I had this question in an exam:
In the triangle below, $AB = 12cm$, $BC = 19cm$ and $AC = 14cm$. Calculate the area of the triangle.
The answer to this question finds the angle $A$ using the cosine rule and then uses this formula to find the area:
$$ \frac { 1 }{ 2 } ab \sin { A } $$
Why can't I just use Heron's formula, where the area of $\triangle ABC$ with perimeter $S$ is:
$$ \sqrt { s(s - a) (s - b) (s - c) } $$
This is a GCSE question.
On
I'm guessing this is because they are only asking the question to test the candidates ability to notice and apply trigonometry. Most candidates will not have been taught Heron's formula and so they are not expecting anyone to use it. I imagine that any correct answer would be awarded full marks regardless unless they specify which method to use as part of the question.
On
Following my comment $$2bc\cos A =b^2+c^2-a^2$$
I'll use $X$ for the area, so that $4X=2bc \sin A$
Square these two and add:
$$16X^2+(b^2+c^2-a^2)^2=4b^2c^2$$ so that $$16X^2=4b^2c^2-(b^2+c^2-a^2)^2$$
You can use this directly to compute $X$ - possibly more easily than Heron.

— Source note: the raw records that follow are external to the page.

lemma staircase_bound:
  fixes f :: "'a \<Rightarrow> real" and M :: "nat \<Rightarrow> real" and C :: "nat \<Rightarrow> 'a set"
  assumes nest: "\<And>i j. i \<le> j \<Longrightarrow> j \<le> n \<Longrightarrow> C j \<subseteq> C i"
    and bound: "\<And>i v. i \<le> n \<Longrightarrow> v \<in> C i \<Longrightarrow> f v \<le> M i"
    and v: "v \<in> C 0"
  shows "f v \<le> M 0 + (\<Sum>i<n. (M (Suc i) - M i) * indicator (C (Suc i)) v)"
proof -
  define k where "k = Max {i. i \<le> n \<and> v \<in> C i}"
  have fin: "finite {i. i \<le> n \<and> v \<in> C i}" by simp
  have "k \<in> {i. i \<le> n \<and> v \<in> C i}" unfolding k_def using v by (intro Max_in fin) auto
  then have k: "k \<le> n" "v \<in> C k" by auto
  have "indicator (C (Suc i)) v = (if i < k then 1 else 0 :: real)" if "i < n" for i
  proof (cases "i < k")
    case True
    with nest[of "Suc i" k] k show ?thesis by auto
  next
    case False
    have "v \<notin> C (Suc i)"
    proof
      assume "v \<in> C (Suc i)"
      then have "Suc i \<le> k" unfolding k_def using that by (intro Max_ge fin) auto
      with False show False by simp
    qed
    with False show ?thesis by simp
  qed
  then have "(\<Sum>i<n. (M (Suc i) - M i) * indicator (C (Suc i)) v)
      = (\<Sum>i<n. if i \<in> {..<k} then M (Suc i) - M i else 0)"
    by (intro sum.cong) auto
  also have "\<dots> = (\<Sum>i<k. M (Suc i) - M i)"
    using k(1) by (intro sum.mono_neutral_cong_right) auto
  also have "\<dots> = M k - M 0" by (rule sum_lessThan_telescope)
  finally show ?thesis using bound[OF k] by simp
qed

lemma staircase_weights_average:
  fixes M :: "nat \<Rightarrow> real"
  shows "M 0 + (\<Sum>i<n. (M (Suc i) - M i) * (1 - real (Suc i) / real (Suc n)))
           = (\<Sum>i<Suc n. M i) / real (Suc n)"
proof -
  have telescope: "L * M 0 + (\<Sum>i<k. (M (Suc i) - M i) * (L - real (Suc i)))
                     = (\<Sum>i<Suc k. M i) + (L - real (Suc k)) * M k" for L k
    by (induction k) (simp_all add: algebra_simps)
  have "(\<Sum>i<n. (M (Suc i) - M i) * (1 - real (Suc i) / real (Suc n)))
          = (\<Sum>i<n. (M (Suc i) - M i) * (real (Suc n) - real (Suc i))) / real (Suc n)"
    by (simp add: sum_divide_distrib field_simps del: of_nat_Suc)
  with telescope[of "real (Suc n)" n] show ?thesis
    by (simp add: field_simps del: of_nat_Suc)
qed

lemma uniform_distr_in_amb_set:
  fixes C :: "real \<Rightarrow> (real^'n::finite) set" and a :: "nat \<Rightarrow> real^'n" and l :: nat
  defines "Q \<equiv> distr (measure_pmf (pmf_of_set {..<l})) borel a"
  assumes l: "l \<ge> 1"
    and nest: "\<And>i j. i \<le> j \<Longrightarrow> j \<le> l \<Longrightarrow> C (real j / real l) \<subseteq> C (real i / real l)"
    and mem: "\<And>i. i < l \<Longrightarrow> a i \<in> C (real i / real l)"
    and meas: "\<And>i. i \<le> l \<Longrightarrow> C (real i / real l) \<in> sets borel"
  shows "Q \<in> amb_set l C" "integral\<^sup>L Q (\<lambda>v. v \<bullet> x) = (\<Sum>i<l. a i \<bullet> x) / real l"
proof -
  define U where "U = measure_pmf (pmf_of_set {..<l})"
  have ne: "{..<l} \<noteq> {}" using l by (auto simp: lessThan_empty_iff)
  have a_meas: "a \<in> measurable U borel" by (simp add: U_def)
  have "1 - real i / real l \<le> measure Q (C (real i / real l))" if i: "i \<le> l" for i
  proof -
    have "{i..<l} \<subseteq> {..<l} \<inter> a -` C (real i / real l)"
      using mem nest by fastforce
    then have "card {i..<l} \<le> card ({..<l} \<inter> a -` C (real i / real l))"
      by (intro card_mono) auto
    then have "real (card {i..<l}) / real l
        \<le> real (card ({..<l} \<inter> a -` C (real i / real l))) / real l"
      by (intro divide_right_mono) auto
    also have "\<dots> = measure Q (C (real i / real l))"
      using meas[OF i] a_meas ne by (simp add: Q_def U_def measure_distr measure_pmf_of_set)
    finally show ?thesis using i l by (simp add: of_nat_diff field_simps)
  qed
  moreover have "prob_space Q"
    using a_meas by (simp add: Q_def U_def measure_pmf.prob_space_distr)
  ultimately show "Q \<in> amb_set l C" by (simp add: amb_set_def Q_def)
  have "integral\<^sup>L Q (\<lambda>v. v \<bullet> x) = integral\<^sup>L U (\<lambda>i. a i \<bullet> x)"
    using a_meas unfolding Q_def U_def by (intro integral_distr) auto
  also have "\<dots> = (\<Sum>i<l. a i \<bullet> x) / real l"
    unfolding U_def using ne by (simp add: integral_pmf_of_set)
  finally show "integral\<^sup>L Q (\<lambda>v. v \<bullet> x) = (\<Sum>i<l. a i \<bullet> x) / real l" .
qed

lemma amb_set_AE_in_outer_cut:
  fixes C :: "real \<Rightarrow> (real^'n::finite) set"
  assumes P: "P \<in> amb_set l C" and meas: "C 0 \<in> sets borel"
  shows "AE v in P. v \<in> C 0"
proof -
  interpret prob_space P using P by (simp add: amb_set_def)
  have "C 0 \<in> events" using P meas by (simp add: amb_set_def)
  moreover have "prob (C 0) = 1"
    using P prob_le_1 by (intro antisym) (auto simp: amb_set_def dest: bspec[of _ _ 0])
  ultimately show ?thesis by (simp add: AE_in_set_eq_1)
qed
(* Let $\beta>0$ and let $S$ be a possible forest with vertex set $\{v_{s_1},\dots,v_{s_k}\}$, $s_1<\dots<s_k$. Then for every $t\ge s_k$, \[ \Pr(S\subset G^t_{1,\beta})=\frac{\beta}{d_S^{\mathrm{in}}(v_1)+\beta}\prod_{i:\,v_i\in V^-}\frac{\Gamma(1+d_S^{\mathrm{in}}(v_i)+\beta)}{\Gamma(1+\beta)}\prod_{(v_i,v_j)\in E(S),\ i>j}\frac{1}{(2+\beta)(i^{1+\beta}j)^{1/(2+\beta)}}\cdot\exp\!\left(O\!\left(\sum_{j=2}^{k}\frac{c_S(s_j)^2}{j-1}\right)\right), \] where the implied constant in the $O(\cdot)$ does not depend on $S$ or $t$.
   Context: Fix a real $\beta>0$ and a positive integer $m$. The random tree process $(G^n_{1,\beta})_{n\ge1}$ is defined as follows. $G^1_{1,\beta}$ consists of a single vertex $v_1$ and no edges. Given $G^n_{1,\beta}$ with vertices $v_1,\dots,v_n$ and directed edges $e_2,\dots,e_n$ (where $e_i$ is the edge whose tail is $v_i$), $G^{n+1}_{1,\beta}$ is obtained by adding a vertex $v_{n+1}$ and a directed edge $e_{n+1}$ with tail $v_{n+1}$ and head a "target vertex" determined by a random variable $f_{n+1}$, independent of $f_2,\dots,f_n$, taking values in $\Omega_{n+1}=\{(i,v):1\le i\le n\}\cup\{(i,h),(i,t):2\le i\le n\}$ with $\Pr(f_{n+1}=(i,v))=\beta/((2+\beta)n-2)$ and $\Pr(f_{n+1}=(i,h))=\Pr(f_{n+1}=(i,t))=1/((2+\beta)n-2)$. If $f_{n+1}=(i,v)$ the target is $v_i$ (chosen "uniformly"); if $f_{n+1}=(i,h)$ the target is the head of $e_i$, and if $f_{n+1}=(i,t)$ the target is the tail $v_i$ of $e_i$ (chosen "preferentially", by copying the head half-edge, resp. tail half-edge, of $e_i$). Consequently the target is $v_i$ with probability $(d_n(v_i)+\beta)/((2+\beta)n-2)$, where $d_n(v)$ is the degree of $v$ in $G^n_{1,\beta}$. Each edge is regarded as two half-edges, one at each endpoint; the degree of a vertex is the number of half-edges at it (loops count twice). A possible forest is a directed forest $S$ whose vertices are labelled vertices $v_i$ of the process (identified by their index), with no isolated vertices, in which every vertex has out-degree $0$ or $1$, every edge $(v_i,v_j)$ has $i>j$, and $v_1$ (if present) has out-degree $0$. "$S\subset G^t_{1,\beta}$" means every edge $(v_i,v_j)$ of $S$ is an edge of $G^t_{1,\beta}$ (with labels matching). $d_S^{\mathrm{in}}(v)$ is the in-degree of $v$ in $S$ (taken to be $0$ if $v\notin V(S)$). $V^-=\{v_i\in V(S):\exists j>i,\ (v_j,v_i)\in E(S)\}$. For $t\ge i$, $R_t(i)=|\{j>t:(v_j,v_i)\in E(S)\}|$, and $c_S(i)=\sum_{k=1}^{i-1}R_{i-1}(k)$, i.e. the number of edges of $S$ from $\{v_i,v_{i+1},\dots\}$ to $\{v_1,\dots,v_{i-1}\}$. *)

theory Defs
  imports "HOL-Probability.Probability"
begin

If we factorise the right-hand side as the difference of two squares we get:
$$16X^2=(2bc+b^2+c^2-a^2)(2bc-b^2-c^2+a^2)=\left((a+b)^2-c^2\right)\left(a^2-(b-c)^2\right)$$
Use the difference of two squares on this to get $$16X^2=(a+b+c)(a+b-c)(a-b+c)(-a+b+c)$$ which easily reduces to Heron's formula - but why do the extra work?
On
Seconding Karl's answer that the exam may not actually disallow Heron's formula (as claimed), due to the British exam boards practising "positive marking" these days:
From a 2018 GCSE mark scheme:
GENERIC MARKING PRINCIPLE 3:
Marks must be awarded positively:
• marks are awarded for correct/valid answers, as defined in the mark scheme. However, credit is given for valid answers which go beyond the scope of the syllabus and mark scheme, referring to your Team Leader as appropriate
Bit late on this I know.
Heron's formula is fun but often painful and long; most of the time in GCSE it would be much more work. It is also off-syllabus as the GCSE course tries to teach you trigonometry - so there is no point in teaching you shortcuts for trigonometry right now as the cosine rule etc. will lead on to more important and difficult trigonometry in A Level maths, for example.